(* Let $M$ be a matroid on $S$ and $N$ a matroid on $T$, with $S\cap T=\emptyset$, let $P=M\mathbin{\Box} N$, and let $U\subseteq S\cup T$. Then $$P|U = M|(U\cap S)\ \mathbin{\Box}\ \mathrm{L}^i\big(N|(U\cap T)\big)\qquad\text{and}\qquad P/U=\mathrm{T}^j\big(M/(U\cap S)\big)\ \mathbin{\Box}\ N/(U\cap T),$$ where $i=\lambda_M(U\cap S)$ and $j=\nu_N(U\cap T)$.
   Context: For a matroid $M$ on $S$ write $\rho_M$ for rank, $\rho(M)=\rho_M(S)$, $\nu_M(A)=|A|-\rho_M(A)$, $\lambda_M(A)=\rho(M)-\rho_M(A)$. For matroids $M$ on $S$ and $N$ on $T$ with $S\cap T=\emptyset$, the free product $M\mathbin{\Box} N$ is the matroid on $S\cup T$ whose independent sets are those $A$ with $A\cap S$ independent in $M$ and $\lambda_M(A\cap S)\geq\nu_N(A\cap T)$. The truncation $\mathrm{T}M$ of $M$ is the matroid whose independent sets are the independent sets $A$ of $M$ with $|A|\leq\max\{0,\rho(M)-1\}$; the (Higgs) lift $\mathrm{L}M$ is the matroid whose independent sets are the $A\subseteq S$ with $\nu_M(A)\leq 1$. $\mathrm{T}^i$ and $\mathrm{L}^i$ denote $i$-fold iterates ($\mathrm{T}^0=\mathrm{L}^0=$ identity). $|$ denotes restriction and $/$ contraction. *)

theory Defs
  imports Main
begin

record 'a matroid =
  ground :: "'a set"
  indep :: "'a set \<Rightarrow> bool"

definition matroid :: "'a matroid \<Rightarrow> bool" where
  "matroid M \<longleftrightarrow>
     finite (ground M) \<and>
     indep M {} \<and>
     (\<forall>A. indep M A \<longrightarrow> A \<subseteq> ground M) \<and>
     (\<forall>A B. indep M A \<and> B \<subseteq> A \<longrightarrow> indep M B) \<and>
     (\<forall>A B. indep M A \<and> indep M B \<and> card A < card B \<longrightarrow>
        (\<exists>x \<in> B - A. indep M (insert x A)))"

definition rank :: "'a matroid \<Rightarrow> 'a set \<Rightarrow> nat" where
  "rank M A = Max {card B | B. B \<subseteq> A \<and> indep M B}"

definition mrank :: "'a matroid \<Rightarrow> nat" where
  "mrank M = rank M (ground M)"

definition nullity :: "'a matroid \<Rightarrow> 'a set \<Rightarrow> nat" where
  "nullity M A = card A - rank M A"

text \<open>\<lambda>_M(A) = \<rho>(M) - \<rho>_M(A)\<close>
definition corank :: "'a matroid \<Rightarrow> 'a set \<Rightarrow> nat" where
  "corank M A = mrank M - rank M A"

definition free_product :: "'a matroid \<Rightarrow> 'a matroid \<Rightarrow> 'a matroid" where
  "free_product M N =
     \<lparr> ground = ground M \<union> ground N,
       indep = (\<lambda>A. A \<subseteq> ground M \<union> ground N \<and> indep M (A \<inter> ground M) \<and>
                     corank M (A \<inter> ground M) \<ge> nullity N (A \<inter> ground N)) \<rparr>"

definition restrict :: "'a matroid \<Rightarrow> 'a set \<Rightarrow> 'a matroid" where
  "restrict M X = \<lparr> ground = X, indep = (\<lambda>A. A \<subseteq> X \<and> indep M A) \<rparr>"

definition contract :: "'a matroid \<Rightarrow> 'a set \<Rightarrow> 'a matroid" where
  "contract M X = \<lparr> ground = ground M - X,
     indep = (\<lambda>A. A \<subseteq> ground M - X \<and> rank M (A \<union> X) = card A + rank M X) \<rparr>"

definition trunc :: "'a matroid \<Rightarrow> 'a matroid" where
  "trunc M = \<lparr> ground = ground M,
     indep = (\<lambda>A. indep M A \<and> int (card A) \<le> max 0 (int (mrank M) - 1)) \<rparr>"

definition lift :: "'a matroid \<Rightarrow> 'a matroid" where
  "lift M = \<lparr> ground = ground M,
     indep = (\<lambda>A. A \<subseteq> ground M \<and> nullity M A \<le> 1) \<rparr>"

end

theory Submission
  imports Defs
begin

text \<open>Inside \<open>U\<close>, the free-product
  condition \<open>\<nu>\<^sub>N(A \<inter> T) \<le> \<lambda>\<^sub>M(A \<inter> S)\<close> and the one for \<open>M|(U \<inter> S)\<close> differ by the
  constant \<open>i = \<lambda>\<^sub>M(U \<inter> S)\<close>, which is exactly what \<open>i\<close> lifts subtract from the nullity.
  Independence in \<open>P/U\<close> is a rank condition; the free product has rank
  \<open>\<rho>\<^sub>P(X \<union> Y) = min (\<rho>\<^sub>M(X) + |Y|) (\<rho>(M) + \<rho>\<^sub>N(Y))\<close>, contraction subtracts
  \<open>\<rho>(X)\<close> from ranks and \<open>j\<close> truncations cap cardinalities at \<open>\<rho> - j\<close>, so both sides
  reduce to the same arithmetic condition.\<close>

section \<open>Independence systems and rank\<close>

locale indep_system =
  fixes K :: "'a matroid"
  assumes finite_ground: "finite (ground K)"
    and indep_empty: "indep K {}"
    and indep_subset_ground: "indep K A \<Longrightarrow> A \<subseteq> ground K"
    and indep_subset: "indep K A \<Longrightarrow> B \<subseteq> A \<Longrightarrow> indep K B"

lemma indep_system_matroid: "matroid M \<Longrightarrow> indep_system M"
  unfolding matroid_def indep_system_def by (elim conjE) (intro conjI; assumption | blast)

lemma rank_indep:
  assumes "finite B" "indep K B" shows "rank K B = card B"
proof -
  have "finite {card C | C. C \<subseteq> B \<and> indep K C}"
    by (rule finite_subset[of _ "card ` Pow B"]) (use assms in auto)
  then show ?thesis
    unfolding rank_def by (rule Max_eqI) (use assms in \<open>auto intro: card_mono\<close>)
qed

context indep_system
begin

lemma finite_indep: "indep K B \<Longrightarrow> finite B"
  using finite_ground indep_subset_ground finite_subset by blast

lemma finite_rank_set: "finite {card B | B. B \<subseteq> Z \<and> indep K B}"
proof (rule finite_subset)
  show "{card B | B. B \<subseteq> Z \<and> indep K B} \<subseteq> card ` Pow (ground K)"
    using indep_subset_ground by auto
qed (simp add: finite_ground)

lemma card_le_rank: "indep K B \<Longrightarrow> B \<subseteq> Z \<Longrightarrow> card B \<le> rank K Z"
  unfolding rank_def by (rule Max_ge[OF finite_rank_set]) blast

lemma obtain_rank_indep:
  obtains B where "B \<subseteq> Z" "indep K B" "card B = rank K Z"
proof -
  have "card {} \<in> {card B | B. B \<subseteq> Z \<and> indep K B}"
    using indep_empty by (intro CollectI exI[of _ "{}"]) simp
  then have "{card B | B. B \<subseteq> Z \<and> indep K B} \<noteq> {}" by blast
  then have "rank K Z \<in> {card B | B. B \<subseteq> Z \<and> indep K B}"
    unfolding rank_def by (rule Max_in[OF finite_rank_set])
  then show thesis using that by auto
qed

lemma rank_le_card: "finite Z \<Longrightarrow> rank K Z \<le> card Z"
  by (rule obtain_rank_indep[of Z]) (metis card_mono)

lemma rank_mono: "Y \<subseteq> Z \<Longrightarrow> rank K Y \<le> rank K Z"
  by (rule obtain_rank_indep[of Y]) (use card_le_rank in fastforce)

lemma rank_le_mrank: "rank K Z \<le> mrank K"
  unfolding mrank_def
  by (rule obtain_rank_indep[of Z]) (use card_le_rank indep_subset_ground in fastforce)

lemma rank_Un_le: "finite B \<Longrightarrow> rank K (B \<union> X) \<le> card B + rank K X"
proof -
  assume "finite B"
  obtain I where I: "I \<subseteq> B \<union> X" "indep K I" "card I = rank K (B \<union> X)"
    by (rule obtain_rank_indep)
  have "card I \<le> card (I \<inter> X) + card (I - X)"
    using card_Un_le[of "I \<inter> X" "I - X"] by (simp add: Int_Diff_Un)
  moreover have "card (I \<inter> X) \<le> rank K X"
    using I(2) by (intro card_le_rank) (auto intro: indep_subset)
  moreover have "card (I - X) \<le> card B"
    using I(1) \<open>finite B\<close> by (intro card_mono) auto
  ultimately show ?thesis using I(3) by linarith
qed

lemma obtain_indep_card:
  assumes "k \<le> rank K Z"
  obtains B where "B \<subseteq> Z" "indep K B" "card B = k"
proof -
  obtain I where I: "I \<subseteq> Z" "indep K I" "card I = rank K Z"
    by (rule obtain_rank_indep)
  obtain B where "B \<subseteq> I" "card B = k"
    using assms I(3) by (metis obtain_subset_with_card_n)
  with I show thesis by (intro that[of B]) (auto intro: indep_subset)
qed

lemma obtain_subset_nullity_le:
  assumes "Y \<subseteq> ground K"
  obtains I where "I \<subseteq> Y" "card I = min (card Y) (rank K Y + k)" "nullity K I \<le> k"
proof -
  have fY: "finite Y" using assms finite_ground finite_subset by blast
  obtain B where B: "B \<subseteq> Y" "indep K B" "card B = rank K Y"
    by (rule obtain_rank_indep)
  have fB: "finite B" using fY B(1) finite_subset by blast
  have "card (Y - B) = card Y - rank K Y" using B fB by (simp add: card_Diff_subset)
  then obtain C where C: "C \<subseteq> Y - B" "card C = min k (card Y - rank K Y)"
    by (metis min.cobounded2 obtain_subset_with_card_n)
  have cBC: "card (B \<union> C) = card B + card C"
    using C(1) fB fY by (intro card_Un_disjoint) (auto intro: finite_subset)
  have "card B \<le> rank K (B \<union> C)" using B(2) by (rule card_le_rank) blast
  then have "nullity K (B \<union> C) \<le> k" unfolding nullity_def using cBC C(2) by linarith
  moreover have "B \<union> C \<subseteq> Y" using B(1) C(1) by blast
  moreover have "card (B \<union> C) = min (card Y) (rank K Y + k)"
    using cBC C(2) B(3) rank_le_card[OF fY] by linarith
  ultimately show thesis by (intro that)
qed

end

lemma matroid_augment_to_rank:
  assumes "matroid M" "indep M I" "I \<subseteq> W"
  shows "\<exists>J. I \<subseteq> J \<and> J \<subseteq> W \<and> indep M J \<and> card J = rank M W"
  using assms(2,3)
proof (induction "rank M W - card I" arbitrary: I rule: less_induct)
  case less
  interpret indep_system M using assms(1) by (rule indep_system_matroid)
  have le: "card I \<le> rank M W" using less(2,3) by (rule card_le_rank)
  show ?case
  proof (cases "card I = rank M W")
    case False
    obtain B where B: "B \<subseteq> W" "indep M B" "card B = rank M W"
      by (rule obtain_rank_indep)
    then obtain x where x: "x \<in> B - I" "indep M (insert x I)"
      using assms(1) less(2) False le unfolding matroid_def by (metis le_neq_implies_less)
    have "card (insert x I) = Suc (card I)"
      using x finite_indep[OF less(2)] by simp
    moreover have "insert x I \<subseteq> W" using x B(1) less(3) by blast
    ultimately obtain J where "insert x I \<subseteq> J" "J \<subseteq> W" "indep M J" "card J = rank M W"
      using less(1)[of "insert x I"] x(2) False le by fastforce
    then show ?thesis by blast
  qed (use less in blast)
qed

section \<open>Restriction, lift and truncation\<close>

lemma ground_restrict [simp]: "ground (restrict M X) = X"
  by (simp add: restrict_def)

■ ■ ■

Exercise objective -> Return one number, the count of lines in the records holding the word "metis".

Your solution -> 4